陳年艾草與菖蒲織出繩索,勒入血肉,天中五瑞之二的破邪降之氣沿血液入體,斷了他經脈氣血運行。

金色長劍紮入肺腑,卡在肋骨之間,血液將整個衣物都染成血色,妖類的身體都有非同尋常的恢覆力,此時血已經止住,雖然那痛楚極大,但拜前世所賜,身上的痛楚他基本可以無視了。

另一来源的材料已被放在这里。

text \<open>The slab is taken over the interior of the half-size base, which is open and hence Borel,
  while the base itself is only known to be convex.\<close>
lemma emeasure_dual_cap_body_ge_base:
  fixes U :: "('a::euclidean_space \<times> real) set"
  assumes "q \<in> U" and "q \<in> hplane hq" and "e > 0"
  shows "ennreal (e / 2 ^ DIM('a \<times> real)) * emeasure lebesgue (vproj (DBase U e (q, hq)))
    \<le> emeasure lebesgue (dual_cap_body U e q hq)"
proof -
  let ?D = "vproj (DBase U e (q, hq))"
  let ?D' = "(\<lambda>w. (1/2) *\<^sub>R fst q + (1/2) *\<^sub>R w) ` ?D"
  let ?f = "\<lambda>x. fst hq \<bullet> x + snd hq"
  let ?S = "{p. fst p \<in> interior ?D' \<and> ?f (fst p) - e/2 \<le> snd p \<and> snd p \<le> ?f (fst p)}"
  have "convex (DBase U e (q, hq))"
    unfolding DBase_def by (intro convex_Int convex_hplane convex_convex_hull)
  then have "convex ?D"
    unfolding vproj_def by (rule convex_linear_image[OF linear_fst])
  have D': "?D' = (\<lambda>w. (1/2) *\<^sub>R w + (1/2) *\<^sub>R fst q) ` ?D"
    by (rule image_cong) (simp_all add: add.commute)
  have "convex ?D'"
    using \<open>convex ?D\<close> by (rule convex_affinity)
  have "ennreal (e / 2 ^ DIM('a \<times> real)) = ennreal (e/2) * ennreal ((1/2) ^ DIM('a))"
    using \<open>e > 0\<close> by (subst ennreal_mult[symmetric]) (auto simp: power_one_over)
  then have "ennreal (e / 2 ^ DIM('a \<times> real)) * emeasure lebesgue ?D
      = ennreal (e/2) * (ennreal ((1/2) ^ DIM('a)) * emeasure lebesgue ?D)"
    by (simp add: mult.assoc)
  also have "\<dots> = ennreal (e/2) * emeasure lebesgue ?D'"
    using emeasure_lebesgue_affine[of "1/2" "(1/2) *\<^sub>R fst q" ?D] by (simp add: D')
  also have "\<dots> = ennreal (e/2) * emeasure lebesgue (interior ?D')"
    by (simp only: emeasure_interior_convex[OF \<open>convex ?D'\<close>])
  also have "\<dots> = emeasure lebesgue ?S"
    using \<open>e > 0\<close> by (intro emeasure_slab_below_graph[symmetric]) (auto intro!: continuous_intros)
  also have "\<dots> \<le> emeasure lebesgue (dual_cap_body U e q hq)"
  proof (rule emeasure_mono)
    show "?S \<subseteq> dual_cap_body U e q hq"
      using slab_over_half_base_subset_dual_cap_body[OF assms] interior_subset by blast
  qed (rule convex_sets_lebesgue[OF convex_dual_cap_body])
  finally show ?thesis .
qed
text \<open>The vertical slope \<open>\<alpha>\<close> of the separating hyperplane is absorbed into the coefficient
  \<open>1 + \<alpha>\<close> of the gap, which is possible because the gap is nonnegative.\<close>
lemma identifies_if_representable_V_NI:
  fixes \<tau> :: "'a::real_vector topology"
  assumes \<tau>: "hlcs \<tau>" and V: "alg_open V" and R: "representable \<tau> T" and NI: "V_NI \<tau> V T"
  shows "identifies \<tau> V T"
  unfolding identifies_def
proof clarify
  fix x0 f0 assume x0: "x0 \<in> V" and f0: "f0 \<in> dual \<tau>"
    and below: "fitz (restr T V) (x0, f0) \<le> ereal (cpl (x0, f0))"
  obtain h where h: "proper_Z \<tau> h" "convex_Z \<tau> h" "lsc_Z \<tau> h" "\<forall>z\<in>Zset \<tau>. ereal (cpl z) \<le> h z"
    and T: "{z \<in> Zset \<tau>. h z = ereal (cpl z)} = T"
    using R unfolding representable_def by blast
  have TZ: "T \<subseteq> UNIV \<times> dual \<tau>" and TV: "restr T V \<subseteq> UNIV \<times> dual \<tau>"
    using T unfolding Zset_def restr_def by auto
  have gap: "0 \<le> u' (u - x0) - f0 (u - x0)" if "(u, u') \<in> restr T V" for u u'
    using below fitz_le_cpl_iff[OF TV f0] that by auto
  show "(x0, f0) \<in> T"
  proof (rule ccontr)
    assume "(x0, f0) \<notin> T"
    then have above: "ereal (f0 x0) < h (x0, f0)"
      using h(4) T f0 unfolding Zset_def cpl_def by (auto simp: order_less_le)
    obtain g y \<alpha> B where g: "g \<in> dual \<tau>" and \<alpha>: "0 \<le> \<alpha>" and B: "0 < B"
      and sep: "\<And>x f s. f \<in> dual \<tau> \<Longrightarrow> h (x, f) \<le> ereal s \<Longrightarrow>
        g x0 + f0 y + \<alpha> * f0 x0 + B \<le> g x + f y + \<alpha> * s"
      using lsc_convex_strict_separation[OF \<tau> h(1-3) f0 above] by blast
    define g' where "g' x = (- 1) * g x + (- \<alpha>) * f0 x" for x
    define y' where "y' = - (y + \<alpha> *\<^sub>R x0)"
    have "g' (u - x0) + u' y' - f0 y' + B \<le> (1 + \<alpha>) * (u' (u - x0) - f0 (u - x0))"
      if p: "(u, u') \<in> restr T V" for u u'
    proof -
      have u': "u' \<in> dual \<tau>" and "h (u, u') = ereal (u' u)"
        using p T unfolding restr_def Zset_def cpl_def by auto
      then have "g x0 + f0 y + \<alpha> * f0 x0 + B \<le> g u + u' y + \<alpha> * u' u"
        using sep by simp
      then show ?thesis
        using gap[OF p] \<alpha> unfolding g'_def y'_def
        by (simp add: dual_diff[OF u'] dual_diff[OF f0] dual_diff[OF g] dual_add[OF u']
            dual_add[OF f0] dual_scale[OF u'] dual_scale[OF f0] dual_minus[OF u'] dual_minus[OF f0]
            algebra_simps)
    qed
    moreover have "g' \<in> dual \<tau>"
      unfolding g'_def using g f0 by (rule dual_lincomb)
    ultimately have "\<not> V_NI \<tau> V T"
      using gap B \<alpha>
      by (intro not_V_NI_if_gap_bound[where y = y' and c = "1 + \<alpha>", OF TZ V x0 f0]) auto
    then show False
      using NI by blast
  qed
qed
lemma finite_G: "finite G"
proof -
  have "inj_on (\<lambda>g. restrict g V) G"
  proof (rule inj_onI, rule ext)
    fix g h x assume "g \<in> G" "h \<in> G" "restrict g V = restrict h V"
    then show "g x = h x"
    proof (cases "x \<in> V")
      case True
      then show ?thesis using fun_cong[OF \<open>restrict g V = restrict h V\<close>, of x] by simp
    qed (simp add: perm_outside \<open>g \<in> G\<close> \<open>h \<in> G\<close>)
  qed
  moreover have "(\<lambda>g. restrict g V) ` G \<subseteq> V \<rightarrow>\<^sub>E V"
    using perm_in_V by auto
  moreover have "finite (V \<rightarrow>\<^sub>E V)"
    using finite_V by (simp add: finite_PiE)
  ultimately show ?thesis
    by (meson finite_imageD finite_subset)
qed

definition orbit :: "'a \<Rightarrow> 'a set" where
  "orbit u = (\<lambda>g. g u) ` G"

definition stabilizer :: "'a \<Rightarrow> ('a \<Rightarrow> 'a) set" where
  "stabilizer u = {g \<in> G. g u = u}"

lemma orbit_subset: "u \<in> V \<Longrightarrow> orbit u \<subseteq> V"
  unfolding orbit_def using perm_in_V by blast

lemma finite_orbit: "finite (orbit u)"
  unfolding orbit_def using finite_G by simp

lemma mem_orbit_self: "u \<in> orbit u"
  unfolding orbit_def using id_mem by (rule rev_image_eqI) simp

lemma image_orbit: assumes "g \<in> G" shows "g ` orbit u = orbit u"
proof
  show "g ` orbit u \<subseteq> orbit u"
  proof
    fix v assume "v \<in> g ` orbit u"
    then obtain h where "h \<in> G" "v = (g \<circ> h) u" unfolding orbit_def by auto
    then show "v \<in> orbit u" unfolding orbit_def using comp_mem[OF assms] by blast
  qed
  show "orbit u \<subseteq> g ` orbit u"
  proof
    fix v assume "v \<in> orbit u"
    then obtain h where "h \<in> G" "v = h u" unfolding orbit_def by blast
    then have "v = g ((inv g \<circ> h) u)" using assms by simp
    then show "v \<in> g ` orbit u"
      unfolding orbit_def using comp_mem[OF inv_mem[OF assms] \<open>h \<in> G\<close>] by blast
  qed
qed

lemma orbit_perm: assumes "g \<in> G" shows "orbit (g u) = orbit u"
proof -
  have "orbit (g u) = (\<lambda>h. h u) ` ((\<lambda>h. h \<circ> g) ` G)"
    unfolding orbit_def by (simp add: image_image)
  also have "(\<lambda>h. h \<circ> g) ` G = G"
  proof
    show "(\<lambda>h. h \<circ> g) ` G \<subseteq> G" using comp_mem assms by blast
    have "h = (h \<circ> inv g) \<circ> g" if "h \<in> G" for h
      using assms by (auto simp: fun_eq_iff)
    then show "G \<subseteq> (\<lambda>h. h \<circ> g) ` G"
      using comp_mem inv_mem assms by blast
  qed
  finally show ?thesis unfolding orbit_def .
qed

lemma orbit_eq: assumes "v \<in> orbit u" shows "orbit v = orbit u"
proof -
  obtain g where "g \<in> G" "v = g u" using assms unfolding orbit_def by blast
  then show ?thesis using orbit_perm[OF \<open>g \<in> G\<close>] by simp
qed

lemma card_fibre:
  assumes "v \<in> orbit u"
  shows "card {g \<in> G. g u = v} = card (stabilizer u)"
proof -
  obtain h where h: "h \<in> G" "v = h u" using assms unfolding orbit_def by blast
  have "bij_betw (\<lambda>g. h \<circ> g) (stabilizer u) {g \<in> G. g u = v}"
  proof (rule bij_betw_byWitness[where f' = "\<lambda>g. inv h \<circ> g"])
    show "\<forall>g\<in>stabilizer u. inv h \<circ> (h \<circ> g) = g"
         "\<forall>g\<in>{g \<in> G. g u = v}. h \<circ> (inv h \<circ> g) = g"
      using h by (auto simp: fun_eq_iff)
    show "(\<lambda>g. h \<circ> g) ` stabilizer u \<subseteq> {g \<in> G. g u = v}"
         "(\<lambda>g. inv h \<circ> g) ` {g \<in> G. g u = v} \<subseteq> stabilizer u"
      using h comp_mem inv_mem unfolding stabilizer_def by auto
  qed
  then show ?thesis by (simp add: bij_betw_same_card)
qed

lemma sum_over_group:
  "(\<Sum>g\<in>G. f (g u)) = of_nat (card (stabilizer u)) * (\<Sum>v\<in>orbit u. f v)"
proof -
  have "(\<Sum>g\<in>G. f (g u)) = (\<Sum>v\<in>orbit u. \<Sum>g\<in>{g \<in> G. g u = v}. f (g u))"
    by (rule sum.group[OF finite_G finite_orbit, symmetric]) (auto simp: orbit_def)
  also have "\<dots> = (\<Sum>v\<in>orbit u. of_nat (card (stabilizer u)) * f v)"
    by (rule sum.cong) (simp_all add: card_fibre)
  finally show ?thesis by (simp add: sum_distrib_left)
qed

lemma card_G: "card G = card (orbit u) * card (stabilizer u)"
  using sum_over_group[of "\<lambda>_. 1::nat" u] by simp

lemma sum_orbit_invariant:
  assumes invariant: "\<And>g x y. g \<in> G \<Longrightarrow> x \<in> V \<Longrightarrow> y \<in> V \<Longrightarrow> d (g x) (g y) = d x y"
    and "g \<in> G" and "u \<in> V"
  shows "(\<Sum>v\<in>orbit (g u). d (g u) v) = (\<Sum>v\<in>orbit u. d u v)"
proof -
  have "bij_betw g (orbit u) (orbit u)"
    using bij_perm[OF \<open>g \<in> G\<close>] image_orbit[OF \<open>g \<in> G\<close>]
    by (metis bij_betw_subset subset_UNIV)
  then have "(\<Sum>v\<in>orbit u. d (g u) v) = (\<Sum>v\<in>orbit u. d (g u) (g v))"
    by (rule sum.reindex_bij_betw[symmetric])
  also have "\<dots> = (\<Sum>v\<in>orbit u. d u v)"
    using invariant[OF \<open>g \<in> G\<close> \<open>u \<in> V\<close>] orbit_subset[OF \<open>u \<in> V\<close>] by (auto intro: sum.cong)
  finally show ?thesis by (simp add: orbit_perm[OF \<open>g \<in> G\<close>])
qed

lemma orbit_class:
  assumes "w \<in> V"
  shows "{u \<in> V. orbit u = orbit w} = orbit w"
proof (intro equalityI subsetI)
  fix u assume "u \<in> {u \<in> V. orbit u = orbit w}"
  then show "u \<in> orbit w" using mem_orbit_self[of u] by simp
next
  fix u assume "u \<in> orbit w"
  then show "u \<in> {u \<in> V. orbit u = orbit w}" using orbit_subset[OF assms] orbit_eq by auto
qed

lemma sum_orbit_div_card:
  fixes h :: "'a \<Rightarrow> real"
  assumes invariant: "\<And>g u. g \<in> G \<Longrightarrow> u \<in> V \<Longrightarrow> h (g u) = h u" and "w \<in> V"
  shows "(\<Sum>u\<in>orbit w. h u / card (orbit u)) = h w"
proof -
  have "h u / card (orbit u) = h w / card (orbit w)" if "u \<in> orbit w" for u
  proof -
    obtain g where "g \<in> G" "u = g w" using \<open>u \<in> orbit w\<close> unfolding orbit_def by blast
    then show ?thesis using invariant[OF \<open>g \<in> G\<close> \<open>w \<in> V\<close>] orbit_perm[OF \<open>g \<in> G\<close>] by simp
  qed
  then have "(\<Sum>u\<in>orbit w. h u / card (orbit u)) = (\<Sum>u\<in>orbit w. h w / card (orbit w))"
    by (rule sum.cong[OF refl])
  also have "\<dots> = h w"
    using mem_orbit_self[of w] by (simp add: card_gt_0_iff finite_orbit) blast
  finally show ?thesis .
qed

lemma sum_over_orbit_size_Ints:
  fixes h :: "'a \<Rightarrow> real"
  assumes invariant: "\<And>g u. g \<in> G \<Longrightarrow> u \<in> V \<Longrightarrow> h (g u) = h u"
    and integral: "\<And>u. u \<in> V \<Longrightarrow> h u \<in> \<int>"
  shows "(\<Sum>u\<in>V. h u / card (orbit u)) \<in> \<int>"
proof -
  have "(\<Sum>u\<in>V. h u / card (orbit u))
      = (\<Sum>C\<in>orbit ` V. \<Sum>u\<in>{u \<in> V. orbit u = C}. h u / card (orbit u))"
    by (rule sum.group[OF finite_V finite_imageI[OF finite_V], symmetric]) auto
  also have "\<dots> \<in> \<int>"
  proof (rule Ints_sum)
    fix C assume "C \<in> orbit ` V"
    then obtain w where w: "w \<in> V" "C = orbit w" by blast
    have "(\<Sum>u\<in>{u \<in> V. orbit u = C}. h u / card (orbit u)) = h w"
      unfolding w(2) orbit_class[OF w(1)] by (rule sum_orbit_div_card[of h w, OF _ w(1)]) (rule invariant)
    then show "(\<Sum>u\<in>{u \<in> V. orbit u = C}. h u / card (orbit u)) \<in> \<int>"
      using integral[OF w(1)] by simp
  qed
  finally show ?thesis .
qed

end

雖然勉力保持著神智清醒,但姬夷召依然覺得死不過遲早之事。

人與妖……我居然當時被黃帝殘留的王霸之氣震的七昏八素,就那麽撞進去了。

要不要這麽丟臉……

他試圖動用妖力疏解內傷,卻發現那長劍自帶玄力,是真正的妖物克星,不僅完全用不出一絲,更在侵蝕妖骨,斷他根基。

不行,若是就這樣變成人,以他傷勢,絕無活命之理。

真是煩燥,才二十年就要死回去嗎?

正想著,卻聽見牢門“吱呀”一聲開啟,透出些許光芒出來。

是要審問嗎?姬夷召勉強打起精神,準備應付。

然後,他楞住了。

進來的是豢丹。

艹,這種想撲進他懷裏喊痛的呻吟是哪來的,我一定是被什麽上身了!

勉強笑了笑,表示還死不了,姬夷召低下頭,他不知情況如今是何,還是不要妄動的好。

豢丹面無表情的上前目光那見就不凡的寶劍上掠過,落到艾草與菖蒲編出的繩索上,最後觀察他的血色命氣,悄然握緊了拳頭。

上前數步,丹突然轉手一箭,破空而出。

身後侍者閃躲不及,一箭被紮入右肩,被巨大力道帶起,生生釘在墻上。

豢丹凝視玄女留在金劍與繩索上的符印,確定那不是自己擅長的東西,沒有遲疑,眉心火雲印記閃動,指尖突然冒出一縷幽火。

那火沒有溫暖安靜,瞬間就照亮了整個空間。

帶火的指尖掠過符印、繩索、長劍,帶出極為刺耳的金鐵溶化之音,仿佛有火星飛濺。

燒斷繩索的下一秒,豢丹拔出長劍,將無力落下的姬夷召整個人抱在懷裏。

“你……這是玄女廟宇,你這麽打臉他不會放過你……”姬夷召輕聲說。

“你傷勢太重,勿要多話。”豢丹將他負在身後,撕下衣襟將兩人捆在一起。

姬夷召將頭擱在他肩上,卻覺得他和身體比正常人要低了數度,但此刻不是追問之時,他只是微微皺眉。

豢丹速度極快,幾乎轉眼間就帶姬夷召離開地牢。

在到達出口之時,一記白練挾帶厲嘯,破空而來。

做為此地之主,豢丹可再快也快不過她,玄女萬沒想到豢丹如此大膽,此刻舉動真心將她激怒,是以下手不再留情,她久受萬民祭祀,如今只是神念一動,天地願地揮如臂指,生生壓下豢丹箭勢,只是數息之間,就已經險象叢生。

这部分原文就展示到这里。